• _Task objective_
If a line in the data below includes the string "simp", please return a copy of it.

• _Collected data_
------------------------------------------------

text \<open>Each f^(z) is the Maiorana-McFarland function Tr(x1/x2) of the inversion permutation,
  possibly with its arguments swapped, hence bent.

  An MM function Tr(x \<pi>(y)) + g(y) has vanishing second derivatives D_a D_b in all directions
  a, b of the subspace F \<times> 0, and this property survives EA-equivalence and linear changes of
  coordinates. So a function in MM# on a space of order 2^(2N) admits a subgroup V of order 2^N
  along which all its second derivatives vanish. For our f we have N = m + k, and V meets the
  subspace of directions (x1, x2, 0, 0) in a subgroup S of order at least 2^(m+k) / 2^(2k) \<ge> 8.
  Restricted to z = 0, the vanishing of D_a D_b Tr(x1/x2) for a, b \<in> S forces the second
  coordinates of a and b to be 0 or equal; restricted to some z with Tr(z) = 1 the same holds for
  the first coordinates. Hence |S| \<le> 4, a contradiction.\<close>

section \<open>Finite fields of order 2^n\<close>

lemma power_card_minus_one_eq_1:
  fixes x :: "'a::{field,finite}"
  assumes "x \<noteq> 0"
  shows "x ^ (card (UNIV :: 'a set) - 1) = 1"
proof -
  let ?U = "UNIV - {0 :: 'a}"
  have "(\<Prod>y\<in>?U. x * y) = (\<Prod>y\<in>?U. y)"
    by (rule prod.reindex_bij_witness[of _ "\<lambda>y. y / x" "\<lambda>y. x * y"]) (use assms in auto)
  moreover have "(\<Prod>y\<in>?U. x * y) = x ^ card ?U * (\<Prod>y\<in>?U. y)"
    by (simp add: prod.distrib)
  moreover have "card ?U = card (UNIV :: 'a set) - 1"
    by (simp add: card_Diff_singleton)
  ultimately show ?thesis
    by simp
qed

------------------------------------------------

• _Answer space_
    by (simp add: prod.distrib)
    by (simp add: card_Diff_singleton)
    by simp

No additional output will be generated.